Un jeune paysan va refuser la fatalité. Rejeté par les siens, Djambo a rejoint le peuple des Errants, connu la faim, la soif, la passion et l'inanité des rêves d'abondance. Avec quelques vagabonds, il fonde une communauté dont la survie tient à 29 principes simples. Leur ligne directrice : le respect de la Nature et de tous les êtres humains. Ces principes vont permettre au Pays de la Mort de ressusciter.

Mon avis : 

Quand on lit, parfois une étincelle se produit et un lien presque magique se crée entre le livre et son lecteur.  Mais parfois aussi, la magie n'est pas au rendez-vous et la relation avorte avant même d'être née.  Malheureusement, c'est ce qui s'est produit pour moi avec La forêt des 29.

L'auteur, Irène Frain, écrit de belle façon, on pourrait presque dire ciselée, mais je n'ai pas été touchée par le style du roman, qui m'a même paru ampoulé à certains moments.  Et je me rappelle que j'ai éprouvé le même sentiment lorsque j'ai tenté de lire son précédent roman, Les naufragés de l'île Tromelin.  Je trouve que la manière d'écrire de madame Frain s'adresse d'abord au cérébral plutôt qu'à l'affectif.  Les sujets historiques qu'elle choisit sont passionnants, mais l'intérêt s'épuise face à ce qui ressemble beaucoup à du documentaire.

Les années passant - et le nombre de romans que je lis augmentant -, je m'aperçois que le sentiment de réciprocité qui peut se développer entre un personnage et moi est primordial.  À tout le moins, il faut que le personnage fasse naître une émotion chez moi pour que je puisse l'apprécier assez pour m'attacher à ses pas le temps du roman.  Et c'est là que le bât blesse, pour moi, dans La forêt des 29.  Je n'ai rien ressenti face à Django, son enfance de paria ou son odyssée personnelle.  J'ai eu l'impression de lire le récit de la vie d'un grand homme, où ses faits et gestes les plus importants étaient rapportés et où la philosophie du personnage primait sur l'être humain.

L'auteur veut faire passer un message important, partager avec nous une leçon essentielle sur ce que nous les humains pouvont faire subir à la Terre.  Bien qu'étant sensible en général au discours écologiste, je ne me suis pas sentie interpellée par la démonstration qui en est faite dans La forêt des 29.  Ce roman avait donc un lourd passif pour moi et pourtant, j'ai persisté dans ma lecture, me disant que les choses pouvaient s'améliorer.  Mais non.  Je me suis tellement obstinée que je suis tombée en panne de lecture et j'ai abandonné avant la fin.  C'est bien dommage, c'était sûrement un bon roman, mais j'ai été sourde à sa voix intime.  

Je voudrais remercier les éditions Michel Laffon et le site Bibliofolie pour ce partenariat!

Couverture et résumé : Michel Lafon

4 commentaires:

belledenuit a dit…

J'avais adoré "les naufragés de l'île tromelin". J'espère trouver celui là et le découvrir rapidement.
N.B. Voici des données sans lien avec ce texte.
lemma deferred_greedy:
  assumes V: "finite V" and p: "0 \<le> p" "p \<le> 1" and W: "attained V p W"
  shows "card (avail V h) \<le> n \<Longrightarrow>
    measure_pmf.expectation (deferred V p (greedy p W V) h G0 n) msize = msize h + W (avail V h)"
proof (induction n arbitrary: h G0)
  case 0
  then have "avail V h = {}"
    using finite_subset[OF avail_subset finite_smcp_pairs[OF V]] by simp
  then show ?case using W by (simp add: deferred_0 attained_def)
next
  case (Suc n)
  have probes: "Some e \<in> set_pmf (greedy p W V h) \<Longrightarrow> e \<in> unprobed V h" for e
    using greedy_valid[OF W] valid_alg_probes_avail avail_unprobed by blast
  let ?E = "\<lambda>h' G'. measure_pmf.expectation (deferred V p (greedy p W V) h' G' n) msize"
  have step: "measure_pmf.expectation (deferred V p (greedy p W V) h G0 (Suc n)) msize =
      measure_pmf.expectation (greedy p W V h) (\<lambda>c. case c of None \<Rightarrow> msize h
        | Some e \<Rightarrow> p * ?E (h @ [(e, True)]) (G0(e := True))
                  + (1 - p) * ?E (h @ [(e, False)]) (G0(e := False)))"
    by (rule expectation_deferred_Suc[OF V p probes])
  show ?case
  proof (cases "avail V h = {}")
    case True
    then have "greedy p W V h = return_pmf None" by (simp add: greedy_def)
    then show ?thesis using True W by (simp add: step attained_def)
  next
    case False
    obtain e where choice: "greedy p W V h = return_pmf (Some e)" and e: "e \<in> avail V h"
      and optimal: "bellman_step p W (avail V h) e = W (avail V h)"
      using greedy_choice[OF W False] by blast
    have IH: "measure_pmf.expectation (deferred V p (greedy p W V) (h @ [(e, b)]) (G0(e := b)) n) msize
            = msize (h @ [(e, b)]) + W (avail V (h @ [(e, b)]))" for b
    proof (rule Suc.IH)
      have fin: "finite (avail V h)" using finite_subset[OF avail_subset finite_smcp_pairs[OF V]] .
      then have "card (avail V (h @ [(e, b)])) \<le> card (avail V h - {e})"
        by (intro card_mono avail_append_subset) simp
      then show "card (avail V (h @ [(e, b)])) \<le> n" using Suc.prems e fin by simp
    qed
    have "measure_pmf.expectation (deferred V p (greedy p W V) h G0 (Suc n)) msize =
        p * (msize (h @ [(e, True)]) + W (avail V (h @ [(e, True)])))
        + (1 - p) * (msize (h @ [(e, False)]) + W (avail V (h @ [(e, False)])))"
      unfolding step choice by (simp only: expectation_return_pmf option.case IH)
    also have "\<dots> = msize h + W (avail V h)"
      using bellman_step_history[OF e] optimal by simp
    finally show ?thesis .
  qed
qed

theorem optimal_value_by_bellman:
  assumes V: "finite V" and p: "0 \<le> p" "p \<le> 1"
    and super: "supersolution V p W" and att: "attained V p W"
  shows "(\<exists>A. valid_alg V A \<and> alg_value V p A = W (smcp_pairs V))
       \<and> (\<forall>A. valid_alg V A \<longrightarrow> alg_value V p A \<le> W (smcp_pairs V))"
proof (intro conjI exI allI impI)
  show "valid_alg V (greedy p W V)" using att by (rule greedy_valid)
  show "alg_value V p (greedy p W V) = W (smcp_pairs V)"
    using deferred_greedy[OF V p att, of "[]" "card (smcp_pairs V)"]
    by (simp add: alg_value_deferred[OF V] avail_Nil matching_size_def)
next
  fix A assume "valid_alg V A"
  then show "alg_value V p A \<le> W (smcp_pairs V)"
    using deferred_upper_bound[OF V p super, of A "[]"]
    by (simp add: alg_value_deferred[OF V] avail_Nil matching_size_def)
qed

section \<open>Four vertices\<close>

abbreviation pairs4 :: "nat set set" where
  "pairs4 \<equiv> smcp_pairs {0..<4}"

(* the complementary pair; e and partner e form a perfect matching of {0..<4} *)
definition partner :: "nat set \<Rightarrow> nat set" where
  "partner e = {0..<4} - e"

lemma card_pairs4: "card pairs4 = 6"
proof -
  have "card pairs4 = card {0..<4::nat} choose 2"
    unfolding smcp_pairs_def by (rule n_subsets) simp
  then show ?thesis by (simp add: numeral_eq_Suc)
qed

lemma partner_pair:
  assumes "e \<in> pairs4"
  shows "partner e \<in> pairs4" "partner e \<noteq> e" "partner (partner e) = e"
proof -
  have sub: "e \<subseteq> {0..<4}" and card: "card e = 2" using assms by (auto simp: smcp_pairs_def)
  then have "card ({0..<4::nat} - e) = 2" by (simp add: card_Diff_subset finite_subset)
  then show "partner e \<in> pairs4" by (simp add: smcp_pairs_def partner_def)
  have "e \<noteq> {}" using card by auto
  then show "partner e \<noteq> e" by (auto simp: partner_def)
  show "partner (partner e) = e" using sub by (auto simp: partner_def)
qed

lemma disjoint_pair_is_partner:
  assumes e: "e \<in> pairs4" and x: "x \<in> pairs4" and disjoint: "x \<inter> e = {}"
  shows "x = partner e"
proof (rule card_subset_eq)
  show "x \<subseteq> partner e" using x disjoint by (auto simp: smcp_pairs_def partner_def)
  show "card x = card (partner e)"
    using x partner_pair(1)[OF e] by (simp add: smcp_pairs_def)
qed (simp add: partner_def)

lemma disjoint_pairs4:
  assumes "R \<subseteq> pairs4" "e \<in> pairs4"
  shows "{x \<in> R. x \<inter> e = {}} = R \<inter> {partner e}"
  using assms disjoint_pair_is_partner by (auto simp: partner_def)

definition paired :: "nat set set \<Rightarrow> nat" where
  "paired R = card {e \<in> R. partner e \<in> R}"

definition unpaired :: "nat set set \<Rightarrow> nat" where
  "unpaired R = card {e \<in> R. partner e \<notin> R}"

(* Optimal value with a paired and b unpaired available pairs.  Probing a paired pair gains an
   edge and then its partner (worth p), or on failure turns the partner into an unpaired pair;
   probing an unpaired pair gains an edge and ends, or on failure just removes it. *)
function opt :: "real \<Rightarrow> nat \<Rightarrow> nat \<Rightarrow> real" where
  "opt p a b = max (if 2 \<le> a then p * (1 + p) + (1 - p) * opt p (a - 2) (b + 1) else 0)
                   (if 0 < b then p + (1 - p) * opt p a (b - 1) else 0)"
  by auto
termination by (relation "Wellfounded.measure (\<lambda>(p, a, b). 2 * a + b)") auto

declare opt.simps [simp del]

lemma opt_nonneg:
  assumes "0 \<le> p" "p \<le> 1"
  shows "0 \<le> opt p a b"
  using assms
proof (induction p a b rule: opt.induct)
  case (1 p a b)
  have "0 \<le> p * (1 + p) + (1 - p) * opt p (a - 2) (b + 1)" if "2 \<le> a"
    using 1 that by (intro add_nonneg_nonneg mult_nonneg_nonneg) simp_all
  then show ?case by (subst opt.simps) (auto simp: le_max_iff_disj)
qed

lemma opt_0_0: "opt p 0 0 = 0"
  by (subst opt.simps) simp

definition value4 :: "real \<Rightarrow> nat set set \<Rightarrow> real" where
  "value4 p R = opt p (paired R) (unpaired R)"

lemma value4_unfold:
  "value4 p R = max (if 2 \<le> paired R then p * (1 + p) + (1 - p) * opt p (paired R - 2) (unpaired R + 1) else 0)
                    (if 0 < unpaired R then p + (1 - p) * opt p (paired R) (unpaired R - 1) else 0)"
  unfolding value4_def by (rule opt.simps)

lemma value4_empty: "value4 p {} = 0"
  by (simp add: value4_def paired_def unpaired_def opt_0_0)

lemma value4_single:
  assumes "0 \<le> p" "c \<in> pairs4"
  shows "value4 p {c} = p"
proof -
  have "{e \<in> {c}. partner e \<in> {c}} = {}" "{e \<in> {c}. partner e \<notin> {c}} = {c}"
    using partner_pair(2)[OF assms(2)] by auto
  then have "paired {c} = 0" "unpaired {c} = 1" by (simp_all add: paired_def unpaired_def)
  moreover have "opt p 0 1 = p" using assms(1) by (subst opt.simps) (simp add: opt_0_0)
  ultimately show ?thesis by (simp add: value4_def)
qed

lemma value4_pairs4: "value4 p pairs4 = opt p 6 0"
proof -
  have "{e \<in> pairs4. partner e \<in> pairs4} = pairs4" "{e \<in> pairs4. partner e \<notin> pairs4} = {}"
    using partner_pair(1) by blast+
  then show ?thesis unfolding value4_def paired_def unpaired_def by (simp only: card_pairs4 card.empty)
qed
Dommage que tu n'aies pas accroché.

Opaline a dit…

Malheureusement, ce sont des choses qui arrivent!

Astazie a dit…

Ton avis ne me surprend pas, j'ai rencontré Irène Frain, lors d'un salon du livre, elle a évoqué son livre. Je n'ai pas senti cette petite étincelle en moi qui s'anime quand je suis happée par l'histoire. J'ai vu cela comme un documentaire. J'ai lu plusieurs de ses romans.

edencoon a dit…

J'avais repéré la sortie de ce nouveau roman d'Irène Frain car il y a très longtemps j'avais lu un de ses romans qui m'avait bien plu, "Le secret de famille", il me semble.Mais j'ai déjà "Les naufragés de l'île Tromelin" à lire ; il attend sagement dans ma PAL.